Hi! I’m William “Lee” Dubois (called either Wil or Lee, depending what part of the internet you’re on). I’m a diabetes columnist and the author of four books about diabetes that have collectively won 16 national and international book awards. (Hey, if you can’t brag about yourself on your own blog, where can you??) I have the great good fortune to pen the edgy Dear Abby-style advice column every Saturday at Diabetes Mine; write the Diabetes Simplified column for dLife; and am one of the ShareCare diabetes experts. My work also appears in Diabetic Living and Diabetes Self-Management magazines. In addition to writing, I’ve spent the last half-dozen years running the diabetes education program for a rural non-profit clinic in the mountains of New Mexico. Don’t worry, I’ll get some rest after the cure. LifeAfterDx is my personal home base, where I get to say what and how I feel about diabetes and… you know… life, free from the red pens of editors (all of whom I adore, of course!).

Tuesday, January 24, 2012

Smoke detector batteries

Damn. Ambushed.

I didn’t even feel it coming. Of course. I never do.

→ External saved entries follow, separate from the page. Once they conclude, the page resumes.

lemma gelfand_clopen_INT:
  assumes "finite J" "\<And>i. i \<in> J \<Longrightarrow> D i \<in> sets M"
  shows "space M \<inter> (\<Inter>i\<in>J. D i) \<in> sets M \<and>
    gelfand_clopen M (space M \<inter> (\<Inter>i\<in>J. D i)) = characters M \<inter> (\<Inter>i\<in>J. gelfand_clopen M (D i))"
  using assms
proof (induction J rule: finite_induct)
  case empty
  then show ?case
    by (simp add: gelfand_clopen_space)
next
  case (insert i J)
  let ?S = "space M \<inter> (\<Inter>j\<in>J. D j)"
  have Di: "D i \<in> sets M"
    using insert.prems by simp
  have S: "?S \<in> sets M" "gelfand_clopen M ?S = characters M \<inter> (\<Inter>j\<in>J. gelfand_clopen M (D j))"
    using insert.IH insert.prems by auto
  have "space M \<inter> (\<Inter>j\<in>insert i J. D j) = D i \<inter> ?S"
    using sets.sets_into_space[OF Di] by blast
  moreover have "gelfand_clopen M (D i \<inter> ?S) = gelfand_clopen M (D i) \<inter> gelfand_clopen M ?S"
    using gelfand_clopen_Int[OF Di S(1)] .
  ultimately show ?case
    using Di S gelfand_clopen_subset[of M "D i"] by auto
qed

lemma gelfand_clopen_mono:
  "A \<in> sets M \<Longrightarrow> B \<in> sets M \<Longrightarrow> A \<subseteq> B \<Longrightarrow> gelfand_clopen M A \<subseteq> gelfand_clopen M B"
  using gelfand_clopen_Int[of A M B] by (metis Int_absorb2 inf.cobounded2)

lemma gelfand_clopen_eq_empty_iff:
  "D \<in> sets M \<Longrightarrow> gelfand_clopen M D = {} \<longleftrightarrow> emeasure M D = 0"
  unfolding gelfand_clopen_def
  using ex_character_indicator_eq_1[of D M] character_indicator_null[of _ M D]
  by (force simp: null_sets_def)

lemma openin_gelfand_clopen:
  assumes D: "D \<in> sets M"
  shows "openin (gelfand_top M) (gelfand_clopen M D)"
proof -
  let ?P = "product_topology (\<lambda>_. euclidean) UNIV :: (('a \<Rightarrow> complex) \<Rightarrow> complex) topology"
  let ?T = "{\<phi> \<in> topspace ?P. \<phi> (indicator D) \<in> - {0}}"
  have "openin ?P ?T"
    by (rule openin_continuous_map_preimage[OF continuous_map_product_projection]) auto
  moreover have "gelfand_clopen M D = ?T \<inter> characters M"
    unfolding gelfand_clopen_def using character_indicator_eq_0_or_1[OF _ D] by force
  ultimately show ?thesis
    unfolding gelfand_top_def openin_subtopology by blast
qed

lemma gelfand_clopen_neighbourhood:
  assumes \<phi>: "\<phi> \<in> characters M" and f: "f \<in> Linf M" and W: "open W" "\<phi> f \<in> W"
  shows "\<exists>D\<in>sets M. \<phi> \<in> gelfand_clopen M D \<and> (\<forall>\<psi>\<in>gelfand_clopen M D. \<psi> f \<in> W)"
proof -
  obtain e where e: "e > 0" "ball (\<phi> f) e \<subseteq> W"
    using W open_contains_ball by blast
  let ?D = "f -` ball (\<phi> f) (e/2) \<inter> space M"
  have D: "?D \<in> sets M"
    using borel_measurable_Linf[OF f] by (intro measurable_sets borel_open) auto
  moreover have "\<phi> \<in> gelfand_clopen M ?D"
    unfolding gelfand_clopen_def using character_indicator_preimage_ball[OF \<phi> f] e \<phi> by simp
  moreover have "\<psi> f \<in> W" if "\<psi> \<in> gelfand_clopen M ?D" for \<psi>
  proof -
    have "dist (\<psi> f) (\<phi> f) \<le> e/2"
      using that e unfolding gelfand_clopen_def
      by (intro character_dist_le[OF _ f D]) (auto simp: dist_commute)
    with e show ?thesis
      by (auto simp: dist_commute)
  qed
  ultimately show ?thesis
    by blast
qed

lemma gelfand_clopen_base:
  assumes U: "openin (gelfand_top M) U" and "\<phi> \<in> U"
  obtains D where "D \<in> sets M" "\<phi> \<in> gelfand_clopen M D" "gelfand_clopen M D \<subseteq> U"
proof -
  obtain T where T: "openin (product_topology (\<lambda>_. euclidean) UNIV) T" "U = T \<inter> characters M"
    using U unfolding gelfand_top_def openin_subtopology by blast
  have \<phi>: "\<phi> \<in> characters M" "\<phi> \<in> T"
    using \<open>\<phi> \<in> U\<close> T by auto
  obtain W where W: "finite {i. W i \<noteq> UNIV}" "\<And>i. open (W i)" "\<phi> \<in> Pi\<^sub>E UNIV W" "Pi\<^sub>E UNIV W \<subseteq> T"
    using T(1) \<phi>(2) unfolding openin_product_topology_alt by auto
  define J where "J = {i. W i \<noteq> UNIV} \<inter> Linf M"
  have "\<exists>Di\<in>sets M. \<phi> \<in> gelfand_clopen M Di \<and> (\<forall>\<psi>\<in>gelfand_clopen M Di. \<psi> i \<in> W i)"
    if "i \<in> J" for i
  proof (rule gelfand_clopen_neighbourhood[OF \<phi>(1) _ W(2)])
    show "i \<in> Linf M"
      using that unfolding J_def by blast
    show "\<phi> i \<in> W i"
      using W(3) by (simp add: PiE_iff)
  qed
  then obtain Di where Di: "\<And>i. i \<in> J \<Longrightarrow> Di i \<in> sets M" "\<And>i. i \<in> J \<Longrightarrow> \<phi> \<in> gelfand_clopen M (Di i)"
    "\<And>i \<psi>. i \<in> J \<Longrightarrow> \<psi> \<in> gelfand_clopen M (Di i) \<Longrightarrow> \<psi> i \<in> W i"
    by metis
  define D where "D = space M \<inter> (\<Inter>i\<in>J. Di i)"
  have "finite J"
    using W(1) unfolding J_def by simp
  from gelfand_clopen_INT[of J Di, OF this Di(1)]
  have D: "D \<in> sets M" "gelfand_clopen M D = characters M \<inter> (\<Inter>i\<in>J. gelfand_clopen M (Di i))"
    unfolding D_def by blast+
  have "\<psi> \<in> Pi\<^sub>E UNIV W" if \<psi>: "\<psi> \<in> gelfand_clopen M D" for \<psi>
  proof (intro PiE_I)
    fix i
    show "\<psi> i \<in> W i"
    proof (cases "i \<in> J")
      case True
      then show ?thesis
        using \<psi> D(2) Di(3) by blast
    next
      case False
      then have "W i = UNIV \<or> \<psi> i = \<phi> i"
        using character_not_Linf[of \<psi> M i] character_not_Linf[OF \<phi>(1), of i] \<psi> D(2)
        unfolding J_def by auto
      then show ?thesis
        using W(3) by auto
    qed
  qed simp
  then have "gelfand_clopen M D \<subseteq> U"
    using W(4) T(2) gelfand_clopen_subset by blast
  moreover have "\<phi> \<in> gelfand_clopen M D"
    using D(2) Di(2) \<phi>(1) by blast
  ultimately show ?thesis
    using that D(1) by blast
qed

But where was the frickin’ DexCom? It’s supposed to prevent things like this.


47 mg/dL flashed at me from the face of the Presto Meter.

Hello low. I haven’t seen you for a while.

I don’t know if it was the surprise, or the lack of sugar reaching my brain, but I just sat there like an idiot, staring at the number.

Rio leaned over to look at the meter. “Hey, there’s only two digits!” he said.

Then he jumped up, shouted “Hooray!” and bolted from the room. About 30 seconds later he came bounding back in waving a glucagon emergency kit, “I’ve been dying to use one of these for years!”

Fucking Christmas in January.

When Rio turned five I taught him how to use a glucagon ER kit, and he’s been dying to stick me with it ever since.

Lucky for me, his mother intervened first, with glucose fluid. Then a brownie, then potato chips (we can argue about optimum choices some other day). Then a bowl of cereal. Then crackers. The low was a stubborn bastard. I’m not sure how or where it came from, but it took almost 100 carbs to get my head above water again. And poor Rio didn’t get to use the glucagon.

Good thing, as it turned out.

About an hour later, my brain functioning again (at least as well as it ever does), we decided to review the somewhat obtuse inject-mix-pull-inject process of using the ER kit. That’s when I noticed the expiration date.

Oops.

My break-glass-in-case-of-emergency to save-my-ass medication had expired.


Two years ago.



6 Comments:

Blogger George said...

That is one prescription I never think about. But an important one!!!

FYI - My Word Verification is nowdrugu

that is some funny shit.

2:33 PM  
Blogger Mike Hoskins said...

Great story, Wil. But that's nothing... We found a Glucagon kit last year that had expired in 2007. Yes, it's a good thing those Lows don't come often but then again, the expiration date it's a causality of that. And yes, I also eat millions of carbs when Low.

5:29 PM  
Anonymous kim said...

why is it that we all seem to eat like it's our last meal when we are low? i can never get enough. start with glucose tabs, move to sweet tarts, hmmm perhaps some cereal, would anyone like an orange? how 'bout a peanutbutter sandwich?
like i've been freed from a POW camp and sent straight to the buffet table!

5:36 PM  
Anonymous Mary C said...

Some of us T3 parents are less likely to have out of date Glucagon kits. Our schools require current prescriptions at the beginning of the school year. Our nurse required it had to be good for the entire school year. Getting two ore three of those suckers is awfully expensive though.

4:45 AM  
Blogger Penny said...

Good heavens! Well, at least you found out is was expired, but what a hell of a way to find out! Glad Rio didn't get to practice either.
Just wanted to add to Mary's comment - that's ridiculous that the school nurse required it to be for a full year. When ours expire, I simply take a new one up to school.

5:58 AM  
Anonymous Mary C said...

Their reasoning is that they can't keep track of expirations dates of all the medications and they are prohibited from using expired Glucogon even in a life threatening situation. It's the right decision, I just wish it didn't cost so much.